Every line between the top of the data below and the line with "b = translate", both ends included, must be retyped exactly.
------------------------------------------------
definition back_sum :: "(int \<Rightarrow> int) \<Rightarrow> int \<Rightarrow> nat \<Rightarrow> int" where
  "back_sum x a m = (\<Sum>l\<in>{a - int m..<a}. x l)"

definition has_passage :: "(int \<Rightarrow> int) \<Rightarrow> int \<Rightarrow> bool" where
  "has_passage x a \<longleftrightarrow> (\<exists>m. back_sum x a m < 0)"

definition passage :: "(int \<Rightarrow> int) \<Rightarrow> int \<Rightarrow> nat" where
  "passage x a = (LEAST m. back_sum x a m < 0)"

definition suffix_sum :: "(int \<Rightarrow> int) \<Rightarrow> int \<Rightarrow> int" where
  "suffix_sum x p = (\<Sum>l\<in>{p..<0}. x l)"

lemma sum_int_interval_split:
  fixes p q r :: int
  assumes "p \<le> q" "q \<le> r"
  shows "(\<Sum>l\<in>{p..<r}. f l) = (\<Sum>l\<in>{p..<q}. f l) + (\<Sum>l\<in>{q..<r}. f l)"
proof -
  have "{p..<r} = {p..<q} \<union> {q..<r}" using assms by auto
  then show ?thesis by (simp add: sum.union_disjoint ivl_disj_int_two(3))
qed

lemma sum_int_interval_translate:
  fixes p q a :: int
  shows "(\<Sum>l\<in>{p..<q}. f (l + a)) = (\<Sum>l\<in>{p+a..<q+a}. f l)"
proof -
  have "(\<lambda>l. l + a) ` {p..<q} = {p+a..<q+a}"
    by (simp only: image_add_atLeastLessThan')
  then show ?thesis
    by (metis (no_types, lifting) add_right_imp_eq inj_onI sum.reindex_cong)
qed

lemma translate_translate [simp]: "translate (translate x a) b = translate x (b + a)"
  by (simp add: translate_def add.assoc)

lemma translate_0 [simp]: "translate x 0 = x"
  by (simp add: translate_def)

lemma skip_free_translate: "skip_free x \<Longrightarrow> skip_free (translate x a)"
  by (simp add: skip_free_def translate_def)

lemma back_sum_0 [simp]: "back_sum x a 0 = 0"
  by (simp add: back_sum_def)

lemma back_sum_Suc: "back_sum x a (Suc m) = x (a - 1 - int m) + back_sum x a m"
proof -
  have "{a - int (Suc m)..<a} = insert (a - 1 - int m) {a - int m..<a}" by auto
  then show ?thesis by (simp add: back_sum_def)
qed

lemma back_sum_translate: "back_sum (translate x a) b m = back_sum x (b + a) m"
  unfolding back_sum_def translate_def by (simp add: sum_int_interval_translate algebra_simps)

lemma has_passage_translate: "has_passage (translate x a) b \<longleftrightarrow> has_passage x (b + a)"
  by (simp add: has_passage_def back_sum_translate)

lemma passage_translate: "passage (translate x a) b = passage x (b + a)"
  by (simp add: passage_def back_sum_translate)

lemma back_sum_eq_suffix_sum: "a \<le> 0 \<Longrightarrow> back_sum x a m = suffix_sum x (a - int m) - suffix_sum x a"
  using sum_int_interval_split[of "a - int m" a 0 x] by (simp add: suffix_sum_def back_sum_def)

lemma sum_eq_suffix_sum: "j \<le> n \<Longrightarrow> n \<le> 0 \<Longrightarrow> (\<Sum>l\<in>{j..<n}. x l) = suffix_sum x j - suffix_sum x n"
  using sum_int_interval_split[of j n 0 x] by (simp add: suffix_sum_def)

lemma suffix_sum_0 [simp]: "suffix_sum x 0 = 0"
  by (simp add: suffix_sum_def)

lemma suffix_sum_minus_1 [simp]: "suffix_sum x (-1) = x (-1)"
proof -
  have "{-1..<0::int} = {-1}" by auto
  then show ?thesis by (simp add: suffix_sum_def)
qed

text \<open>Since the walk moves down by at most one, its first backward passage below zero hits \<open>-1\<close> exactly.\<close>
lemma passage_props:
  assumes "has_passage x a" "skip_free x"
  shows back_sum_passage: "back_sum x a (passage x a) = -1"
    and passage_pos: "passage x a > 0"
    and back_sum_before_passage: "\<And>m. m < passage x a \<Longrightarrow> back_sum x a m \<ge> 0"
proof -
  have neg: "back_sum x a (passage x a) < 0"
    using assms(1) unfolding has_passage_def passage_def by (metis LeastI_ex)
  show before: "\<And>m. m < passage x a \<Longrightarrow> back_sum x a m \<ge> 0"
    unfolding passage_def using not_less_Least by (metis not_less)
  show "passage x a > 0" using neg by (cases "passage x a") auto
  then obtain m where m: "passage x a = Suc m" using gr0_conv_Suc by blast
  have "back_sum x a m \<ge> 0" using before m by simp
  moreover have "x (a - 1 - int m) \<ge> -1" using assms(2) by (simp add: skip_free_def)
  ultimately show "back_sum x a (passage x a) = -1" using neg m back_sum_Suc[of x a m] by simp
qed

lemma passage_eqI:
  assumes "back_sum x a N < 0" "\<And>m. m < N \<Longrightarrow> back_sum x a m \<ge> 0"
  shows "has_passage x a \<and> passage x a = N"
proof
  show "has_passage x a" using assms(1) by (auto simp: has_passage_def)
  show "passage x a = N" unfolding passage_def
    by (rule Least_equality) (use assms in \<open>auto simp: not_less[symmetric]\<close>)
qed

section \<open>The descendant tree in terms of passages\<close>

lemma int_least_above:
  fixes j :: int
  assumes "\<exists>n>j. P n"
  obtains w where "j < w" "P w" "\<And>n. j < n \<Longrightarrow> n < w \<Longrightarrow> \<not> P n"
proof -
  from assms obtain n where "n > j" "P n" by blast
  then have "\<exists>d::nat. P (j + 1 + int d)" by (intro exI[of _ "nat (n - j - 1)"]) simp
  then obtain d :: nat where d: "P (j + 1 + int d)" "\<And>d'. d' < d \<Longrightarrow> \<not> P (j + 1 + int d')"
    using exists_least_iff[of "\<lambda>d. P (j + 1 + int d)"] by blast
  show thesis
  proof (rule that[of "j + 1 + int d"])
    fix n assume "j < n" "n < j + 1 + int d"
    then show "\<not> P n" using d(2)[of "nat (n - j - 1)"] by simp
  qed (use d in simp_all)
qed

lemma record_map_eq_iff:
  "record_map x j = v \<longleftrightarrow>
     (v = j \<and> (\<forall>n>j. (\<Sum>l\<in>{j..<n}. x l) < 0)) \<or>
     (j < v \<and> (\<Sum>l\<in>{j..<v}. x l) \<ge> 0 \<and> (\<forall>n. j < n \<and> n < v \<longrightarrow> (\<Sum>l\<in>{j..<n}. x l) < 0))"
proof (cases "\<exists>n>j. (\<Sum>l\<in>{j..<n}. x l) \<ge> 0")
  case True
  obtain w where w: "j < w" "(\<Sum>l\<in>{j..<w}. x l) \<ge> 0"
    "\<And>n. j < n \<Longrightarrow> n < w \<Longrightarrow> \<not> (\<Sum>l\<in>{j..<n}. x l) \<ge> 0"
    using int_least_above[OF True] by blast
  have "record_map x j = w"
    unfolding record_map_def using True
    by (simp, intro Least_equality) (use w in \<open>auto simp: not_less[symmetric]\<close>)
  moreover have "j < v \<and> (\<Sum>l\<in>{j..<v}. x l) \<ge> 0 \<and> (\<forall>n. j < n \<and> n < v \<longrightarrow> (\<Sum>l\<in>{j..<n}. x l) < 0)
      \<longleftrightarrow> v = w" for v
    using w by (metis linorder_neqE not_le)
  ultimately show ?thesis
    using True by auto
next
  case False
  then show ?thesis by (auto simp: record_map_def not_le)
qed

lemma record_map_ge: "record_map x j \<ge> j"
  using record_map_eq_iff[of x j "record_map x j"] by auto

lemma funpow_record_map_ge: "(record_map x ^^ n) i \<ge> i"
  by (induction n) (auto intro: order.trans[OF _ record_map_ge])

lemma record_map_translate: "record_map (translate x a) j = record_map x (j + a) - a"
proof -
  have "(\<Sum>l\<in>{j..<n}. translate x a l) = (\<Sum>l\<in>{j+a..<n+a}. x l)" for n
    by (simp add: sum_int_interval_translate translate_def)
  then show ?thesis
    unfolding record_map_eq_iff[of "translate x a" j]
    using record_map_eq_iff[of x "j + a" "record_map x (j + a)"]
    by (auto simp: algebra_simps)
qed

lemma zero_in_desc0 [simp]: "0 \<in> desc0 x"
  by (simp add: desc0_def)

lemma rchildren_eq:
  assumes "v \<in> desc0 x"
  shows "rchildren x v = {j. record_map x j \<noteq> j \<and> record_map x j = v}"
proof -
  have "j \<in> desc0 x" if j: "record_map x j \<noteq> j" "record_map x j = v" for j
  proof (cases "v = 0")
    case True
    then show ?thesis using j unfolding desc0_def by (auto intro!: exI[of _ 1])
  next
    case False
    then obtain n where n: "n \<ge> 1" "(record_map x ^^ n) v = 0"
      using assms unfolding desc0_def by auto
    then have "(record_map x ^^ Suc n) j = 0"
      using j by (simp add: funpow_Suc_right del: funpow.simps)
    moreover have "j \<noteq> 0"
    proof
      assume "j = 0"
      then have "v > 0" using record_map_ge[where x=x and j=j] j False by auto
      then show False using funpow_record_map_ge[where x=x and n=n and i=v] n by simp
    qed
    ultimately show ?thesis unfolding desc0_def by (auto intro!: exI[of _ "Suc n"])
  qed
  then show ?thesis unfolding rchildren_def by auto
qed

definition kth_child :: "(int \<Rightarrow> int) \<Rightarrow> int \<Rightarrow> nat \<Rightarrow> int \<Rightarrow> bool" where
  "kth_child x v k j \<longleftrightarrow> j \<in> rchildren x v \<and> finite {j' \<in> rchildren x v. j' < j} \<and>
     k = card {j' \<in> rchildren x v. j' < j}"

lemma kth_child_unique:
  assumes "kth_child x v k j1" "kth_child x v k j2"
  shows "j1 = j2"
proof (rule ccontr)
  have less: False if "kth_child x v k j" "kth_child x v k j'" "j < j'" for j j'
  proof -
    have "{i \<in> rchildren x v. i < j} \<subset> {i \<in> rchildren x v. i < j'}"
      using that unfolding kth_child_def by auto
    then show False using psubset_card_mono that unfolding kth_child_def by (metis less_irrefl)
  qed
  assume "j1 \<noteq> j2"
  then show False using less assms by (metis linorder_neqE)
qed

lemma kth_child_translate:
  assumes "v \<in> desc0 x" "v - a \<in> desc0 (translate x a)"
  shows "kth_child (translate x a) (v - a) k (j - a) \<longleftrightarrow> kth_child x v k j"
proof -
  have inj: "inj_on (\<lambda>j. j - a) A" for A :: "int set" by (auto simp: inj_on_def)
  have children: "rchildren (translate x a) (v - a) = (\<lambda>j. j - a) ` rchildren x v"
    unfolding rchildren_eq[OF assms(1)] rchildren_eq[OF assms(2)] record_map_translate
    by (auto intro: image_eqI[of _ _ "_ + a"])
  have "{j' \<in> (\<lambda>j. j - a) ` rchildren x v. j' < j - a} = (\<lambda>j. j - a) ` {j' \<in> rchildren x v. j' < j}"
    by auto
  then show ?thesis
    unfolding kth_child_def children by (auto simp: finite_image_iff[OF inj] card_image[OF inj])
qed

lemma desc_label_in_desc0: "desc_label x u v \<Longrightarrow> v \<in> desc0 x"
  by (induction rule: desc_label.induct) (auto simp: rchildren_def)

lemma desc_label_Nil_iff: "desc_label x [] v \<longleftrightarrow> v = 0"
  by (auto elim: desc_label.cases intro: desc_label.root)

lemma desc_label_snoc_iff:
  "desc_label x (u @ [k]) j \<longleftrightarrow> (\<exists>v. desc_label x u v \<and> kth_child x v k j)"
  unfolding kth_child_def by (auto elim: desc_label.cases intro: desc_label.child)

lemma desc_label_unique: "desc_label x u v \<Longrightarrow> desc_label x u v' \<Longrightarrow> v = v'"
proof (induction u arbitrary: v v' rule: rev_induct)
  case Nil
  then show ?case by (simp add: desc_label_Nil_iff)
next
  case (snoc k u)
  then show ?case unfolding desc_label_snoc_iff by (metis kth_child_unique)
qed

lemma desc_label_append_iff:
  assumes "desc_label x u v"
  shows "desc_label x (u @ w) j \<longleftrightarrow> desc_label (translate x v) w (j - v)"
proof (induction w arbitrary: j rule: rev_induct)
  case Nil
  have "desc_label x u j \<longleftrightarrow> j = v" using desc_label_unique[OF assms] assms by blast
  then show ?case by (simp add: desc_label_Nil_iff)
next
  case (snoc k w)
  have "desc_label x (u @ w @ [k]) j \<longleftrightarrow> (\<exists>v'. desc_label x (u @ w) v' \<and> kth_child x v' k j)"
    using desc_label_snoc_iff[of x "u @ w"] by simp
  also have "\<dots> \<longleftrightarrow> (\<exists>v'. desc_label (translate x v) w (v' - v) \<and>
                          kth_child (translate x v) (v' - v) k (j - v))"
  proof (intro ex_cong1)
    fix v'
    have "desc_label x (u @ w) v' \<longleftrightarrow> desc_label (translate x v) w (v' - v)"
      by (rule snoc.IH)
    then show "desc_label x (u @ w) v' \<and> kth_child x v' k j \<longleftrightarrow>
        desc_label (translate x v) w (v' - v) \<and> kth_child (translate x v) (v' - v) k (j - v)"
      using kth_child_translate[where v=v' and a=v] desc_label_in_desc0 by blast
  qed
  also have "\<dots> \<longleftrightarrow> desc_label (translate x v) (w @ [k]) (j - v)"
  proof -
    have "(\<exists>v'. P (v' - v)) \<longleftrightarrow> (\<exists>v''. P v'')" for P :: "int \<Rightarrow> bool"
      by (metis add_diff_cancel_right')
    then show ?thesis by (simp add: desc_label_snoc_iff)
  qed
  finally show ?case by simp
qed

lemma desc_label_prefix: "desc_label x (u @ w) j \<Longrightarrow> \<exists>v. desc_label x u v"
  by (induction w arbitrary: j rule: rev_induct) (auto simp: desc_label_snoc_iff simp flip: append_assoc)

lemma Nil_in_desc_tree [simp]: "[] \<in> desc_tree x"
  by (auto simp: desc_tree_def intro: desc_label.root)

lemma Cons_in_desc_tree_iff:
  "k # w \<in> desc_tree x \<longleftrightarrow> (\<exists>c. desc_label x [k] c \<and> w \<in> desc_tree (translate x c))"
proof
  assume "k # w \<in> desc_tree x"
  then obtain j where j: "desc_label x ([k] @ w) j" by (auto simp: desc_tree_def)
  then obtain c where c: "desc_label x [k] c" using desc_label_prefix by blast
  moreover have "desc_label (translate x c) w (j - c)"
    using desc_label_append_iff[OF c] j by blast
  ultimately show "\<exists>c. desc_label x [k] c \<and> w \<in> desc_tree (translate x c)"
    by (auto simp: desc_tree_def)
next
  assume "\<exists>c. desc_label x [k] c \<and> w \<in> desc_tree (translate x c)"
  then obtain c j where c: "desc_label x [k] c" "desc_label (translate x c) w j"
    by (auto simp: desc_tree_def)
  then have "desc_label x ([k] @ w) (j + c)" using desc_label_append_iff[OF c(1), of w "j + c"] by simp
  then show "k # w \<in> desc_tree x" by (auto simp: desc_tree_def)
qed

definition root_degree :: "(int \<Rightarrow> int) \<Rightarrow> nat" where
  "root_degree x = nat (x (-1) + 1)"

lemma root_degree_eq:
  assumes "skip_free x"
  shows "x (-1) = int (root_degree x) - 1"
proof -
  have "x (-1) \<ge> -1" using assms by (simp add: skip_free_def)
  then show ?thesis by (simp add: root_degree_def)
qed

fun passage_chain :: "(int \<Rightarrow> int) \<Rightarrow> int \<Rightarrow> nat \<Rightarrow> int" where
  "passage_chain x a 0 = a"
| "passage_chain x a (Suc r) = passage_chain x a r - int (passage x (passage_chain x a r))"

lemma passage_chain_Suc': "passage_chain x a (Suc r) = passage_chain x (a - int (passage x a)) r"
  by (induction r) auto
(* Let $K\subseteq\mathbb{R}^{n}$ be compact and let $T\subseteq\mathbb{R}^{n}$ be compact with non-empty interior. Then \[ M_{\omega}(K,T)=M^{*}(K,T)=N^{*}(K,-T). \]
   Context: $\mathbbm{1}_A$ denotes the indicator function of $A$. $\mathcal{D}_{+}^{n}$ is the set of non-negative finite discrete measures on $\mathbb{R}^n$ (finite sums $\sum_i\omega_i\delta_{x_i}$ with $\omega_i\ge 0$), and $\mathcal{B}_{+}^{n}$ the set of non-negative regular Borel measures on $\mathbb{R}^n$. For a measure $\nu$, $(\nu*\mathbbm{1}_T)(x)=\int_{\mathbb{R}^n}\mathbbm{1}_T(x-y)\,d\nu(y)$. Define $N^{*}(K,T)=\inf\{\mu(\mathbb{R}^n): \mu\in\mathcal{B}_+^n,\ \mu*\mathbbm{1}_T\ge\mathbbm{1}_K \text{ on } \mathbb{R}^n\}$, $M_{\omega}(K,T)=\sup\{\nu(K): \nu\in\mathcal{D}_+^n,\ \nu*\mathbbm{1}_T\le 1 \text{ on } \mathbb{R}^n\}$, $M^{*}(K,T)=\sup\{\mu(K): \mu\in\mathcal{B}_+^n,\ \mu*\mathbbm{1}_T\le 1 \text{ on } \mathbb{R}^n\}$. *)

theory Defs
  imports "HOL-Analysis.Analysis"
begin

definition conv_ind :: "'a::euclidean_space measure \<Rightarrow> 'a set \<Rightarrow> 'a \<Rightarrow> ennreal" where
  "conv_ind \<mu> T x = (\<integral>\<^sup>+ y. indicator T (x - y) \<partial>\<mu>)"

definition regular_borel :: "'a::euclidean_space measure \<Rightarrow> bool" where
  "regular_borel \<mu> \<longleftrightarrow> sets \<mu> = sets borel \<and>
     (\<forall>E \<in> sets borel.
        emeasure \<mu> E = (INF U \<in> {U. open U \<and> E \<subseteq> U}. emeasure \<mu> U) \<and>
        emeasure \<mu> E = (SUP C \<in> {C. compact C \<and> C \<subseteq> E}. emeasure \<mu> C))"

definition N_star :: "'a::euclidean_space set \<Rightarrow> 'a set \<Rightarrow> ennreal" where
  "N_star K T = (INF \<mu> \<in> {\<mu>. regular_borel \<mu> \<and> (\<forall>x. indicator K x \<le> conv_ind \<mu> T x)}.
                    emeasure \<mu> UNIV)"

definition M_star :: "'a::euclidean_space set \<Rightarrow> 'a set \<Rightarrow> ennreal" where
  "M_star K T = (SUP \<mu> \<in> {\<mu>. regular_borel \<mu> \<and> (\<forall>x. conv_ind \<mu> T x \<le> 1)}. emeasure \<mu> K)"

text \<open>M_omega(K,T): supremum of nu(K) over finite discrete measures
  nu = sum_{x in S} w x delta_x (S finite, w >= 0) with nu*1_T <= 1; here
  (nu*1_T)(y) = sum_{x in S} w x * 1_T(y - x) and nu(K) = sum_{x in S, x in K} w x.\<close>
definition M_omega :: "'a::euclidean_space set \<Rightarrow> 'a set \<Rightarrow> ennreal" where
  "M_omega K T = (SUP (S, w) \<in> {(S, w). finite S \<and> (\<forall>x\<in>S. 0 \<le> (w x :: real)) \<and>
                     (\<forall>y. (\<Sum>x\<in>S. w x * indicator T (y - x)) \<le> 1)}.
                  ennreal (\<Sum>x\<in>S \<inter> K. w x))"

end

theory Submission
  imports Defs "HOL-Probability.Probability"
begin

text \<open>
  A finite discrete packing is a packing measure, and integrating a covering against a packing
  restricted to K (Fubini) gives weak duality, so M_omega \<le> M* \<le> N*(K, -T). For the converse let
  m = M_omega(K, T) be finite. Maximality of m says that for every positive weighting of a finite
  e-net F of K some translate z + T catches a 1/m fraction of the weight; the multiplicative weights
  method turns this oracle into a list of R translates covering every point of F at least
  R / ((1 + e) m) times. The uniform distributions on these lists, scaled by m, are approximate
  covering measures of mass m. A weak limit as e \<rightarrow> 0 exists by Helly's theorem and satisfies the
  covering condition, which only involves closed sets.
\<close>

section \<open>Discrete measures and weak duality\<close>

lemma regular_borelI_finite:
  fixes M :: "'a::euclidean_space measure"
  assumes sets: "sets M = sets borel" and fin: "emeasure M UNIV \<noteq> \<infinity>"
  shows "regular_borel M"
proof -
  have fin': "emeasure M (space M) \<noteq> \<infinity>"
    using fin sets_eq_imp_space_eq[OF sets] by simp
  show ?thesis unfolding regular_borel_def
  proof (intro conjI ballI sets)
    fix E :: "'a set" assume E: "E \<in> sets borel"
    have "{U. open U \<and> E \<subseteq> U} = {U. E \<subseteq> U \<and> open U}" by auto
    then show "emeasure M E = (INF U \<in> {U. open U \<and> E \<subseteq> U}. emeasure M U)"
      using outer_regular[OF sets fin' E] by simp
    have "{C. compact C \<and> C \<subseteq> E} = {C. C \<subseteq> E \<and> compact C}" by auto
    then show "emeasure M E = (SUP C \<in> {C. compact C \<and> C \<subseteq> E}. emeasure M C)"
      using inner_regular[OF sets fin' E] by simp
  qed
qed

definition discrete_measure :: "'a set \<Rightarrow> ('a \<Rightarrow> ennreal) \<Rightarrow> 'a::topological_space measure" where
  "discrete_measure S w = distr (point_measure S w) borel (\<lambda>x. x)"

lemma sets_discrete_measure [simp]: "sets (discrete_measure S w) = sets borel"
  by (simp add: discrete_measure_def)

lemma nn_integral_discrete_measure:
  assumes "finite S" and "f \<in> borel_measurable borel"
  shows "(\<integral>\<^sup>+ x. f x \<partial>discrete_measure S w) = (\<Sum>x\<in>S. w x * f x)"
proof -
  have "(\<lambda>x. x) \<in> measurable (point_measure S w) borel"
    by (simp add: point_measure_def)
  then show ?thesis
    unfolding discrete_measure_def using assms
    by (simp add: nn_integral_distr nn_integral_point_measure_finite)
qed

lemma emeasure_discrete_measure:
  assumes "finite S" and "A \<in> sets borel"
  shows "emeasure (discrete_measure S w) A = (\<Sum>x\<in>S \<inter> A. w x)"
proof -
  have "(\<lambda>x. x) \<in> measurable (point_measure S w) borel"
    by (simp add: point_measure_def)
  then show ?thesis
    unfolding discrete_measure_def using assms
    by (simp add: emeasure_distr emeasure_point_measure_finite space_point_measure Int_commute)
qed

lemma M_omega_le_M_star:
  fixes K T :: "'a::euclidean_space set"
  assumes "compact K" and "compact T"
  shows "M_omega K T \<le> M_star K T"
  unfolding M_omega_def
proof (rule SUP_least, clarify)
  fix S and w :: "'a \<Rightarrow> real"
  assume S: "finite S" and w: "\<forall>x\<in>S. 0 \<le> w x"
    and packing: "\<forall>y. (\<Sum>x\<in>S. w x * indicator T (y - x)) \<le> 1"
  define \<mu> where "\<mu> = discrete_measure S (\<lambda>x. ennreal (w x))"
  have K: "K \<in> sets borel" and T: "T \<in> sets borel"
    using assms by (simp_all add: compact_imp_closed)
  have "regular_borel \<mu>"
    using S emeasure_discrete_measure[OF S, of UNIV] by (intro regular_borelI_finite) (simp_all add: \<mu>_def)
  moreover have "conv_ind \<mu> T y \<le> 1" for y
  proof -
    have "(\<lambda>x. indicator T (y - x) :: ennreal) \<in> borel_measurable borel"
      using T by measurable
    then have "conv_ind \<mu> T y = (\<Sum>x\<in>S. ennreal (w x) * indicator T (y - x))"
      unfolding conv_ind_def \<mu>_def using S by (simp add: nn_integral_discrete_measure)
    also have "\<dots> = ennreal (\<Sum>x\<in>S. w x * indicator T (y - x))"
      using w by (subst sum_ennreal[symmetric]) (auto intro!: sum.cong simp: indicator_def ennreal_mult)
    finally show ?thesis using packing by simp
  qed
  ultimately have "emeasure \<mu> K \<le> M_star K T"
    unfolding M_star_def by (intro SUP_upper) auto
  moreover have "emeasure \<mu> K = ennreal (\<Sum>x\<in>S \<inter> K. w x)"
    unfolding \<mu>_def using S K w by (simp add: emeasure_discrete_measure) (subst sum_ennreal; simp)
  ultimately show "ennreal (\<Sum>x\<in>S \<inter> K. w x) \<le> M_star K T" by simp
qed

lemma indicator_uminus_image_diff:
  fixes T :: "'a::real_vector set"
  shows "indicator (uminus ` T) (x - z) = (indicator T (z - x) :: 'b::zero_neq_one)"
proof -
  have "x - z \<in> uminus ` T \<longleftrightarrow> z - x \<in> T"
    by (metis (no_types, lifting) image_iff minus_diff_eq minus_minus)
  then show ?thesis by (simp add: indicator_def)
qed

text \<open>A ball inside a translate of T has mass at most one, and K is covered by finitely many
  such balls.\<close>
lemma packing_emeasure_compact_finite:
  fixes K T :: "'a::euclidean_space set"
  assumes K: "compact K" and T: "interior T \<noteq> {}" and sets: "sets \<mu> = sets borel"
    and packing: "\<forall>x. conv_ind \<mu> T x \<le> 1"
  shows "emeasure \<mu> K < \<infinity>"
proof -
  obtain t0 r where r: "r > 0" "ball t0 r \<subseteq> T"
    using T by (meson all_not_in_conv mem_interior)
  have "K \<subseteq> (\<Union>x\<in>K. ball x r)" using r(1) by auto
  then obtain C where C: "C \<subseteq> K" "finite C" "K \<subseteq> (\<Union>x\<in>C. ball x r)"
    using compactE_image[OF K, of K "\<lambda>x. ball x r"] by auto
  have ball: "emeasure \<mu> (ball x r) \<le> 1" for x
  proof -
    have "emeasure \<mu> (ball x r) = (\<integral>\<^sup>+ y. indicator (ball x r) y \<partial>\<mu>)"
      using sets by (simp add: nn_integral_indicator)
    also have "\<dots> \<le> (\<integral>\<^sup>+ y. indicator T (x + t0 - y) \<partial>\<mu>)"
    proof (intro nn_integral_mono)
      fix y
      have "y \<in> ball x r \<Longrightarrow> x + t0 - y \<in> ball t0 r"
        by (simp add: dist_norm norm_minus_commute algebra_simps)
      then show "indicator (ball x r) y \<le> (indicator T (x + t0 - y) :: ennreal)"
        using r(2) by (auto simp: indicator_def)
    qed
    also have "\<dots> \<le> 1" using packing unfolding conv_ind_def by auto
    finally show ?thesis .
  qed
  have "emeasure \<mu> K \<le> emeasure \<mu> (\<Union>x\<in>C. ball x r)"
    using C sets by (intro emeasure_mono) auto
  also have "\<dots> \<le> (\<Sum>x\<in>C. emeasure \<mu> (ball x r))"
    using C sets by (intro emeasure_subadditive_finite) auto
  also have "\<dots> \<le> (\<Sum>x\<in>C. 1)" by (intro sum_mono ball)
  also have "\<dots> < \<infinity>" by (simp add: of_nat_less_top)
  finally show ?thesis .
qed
------------------------------------------------
Expected output —
definition back_sum :: "(int \<Rightarrow> int) \<Rightarrow> int \<Rightarrow> nat \<Rightarrow> int" where
  "back_sum x a m = (\<Sum>l\<in>{a - int m..<a}. x l)"

definition has_passage :: "(int \<Rightarrow> int) \<Rightarrow> int \<Rightarrow> bool" where
  "has_passage x a \<longleftrightarrow> (\<exists>m. back_sum x a m < 0)"

definition passage :: "(int \<Rightarrow> int) \<Rightarrow> int \<Rightarrow> nat" where
  "passage x a = (LEAST m. back_sum x a m < 0)"

definition suffix_sum :: "(int \<Rightarrow> int) \<Rightarrow> int \<Rightarrow> int" where
  "suffix_sum x p = (\<Sum>l\<in>{p..<0}. x l)"

lemma sum_int_interval_split:
  fixes p q r :: int
  assumes "p \<le> q" "q \<le> r"
  shows "(\<Sum>l\<in>{p..<r}. f l) = (\<Sum>l\<in>{p..<q}. f l) + (\<Sum>l\<in>{q..<r}. f l)"
proof -
  have "{p..<r} = {p..<q} \<union> {q..<r}" using assms by auto
  then show ?thesis by (simp add: sum.union_disjoint ivl_disj_int_two(3))
qed

lemma sum_int_interval_translate:
  fixes p q a :: int
  shows "(\<Sum>l\<in>{p..<q}. f (l + a)) = (\<Sum>l\<in>{p+a..<q+a}. f l)"
proof -
  have "(\<lambda>l. l + a) ` {p..<q} = {p+a..<q+a}"
    by (simp only: image_add_atLeastLessThan')
  then show ?thesis
    by (metis (no_types, lifting) add_right_imp_eq inj_onI sum.reindex_cong)
qed

lemma translate_translate [simp]: "translate (translate x a) b = translate x (b + a)"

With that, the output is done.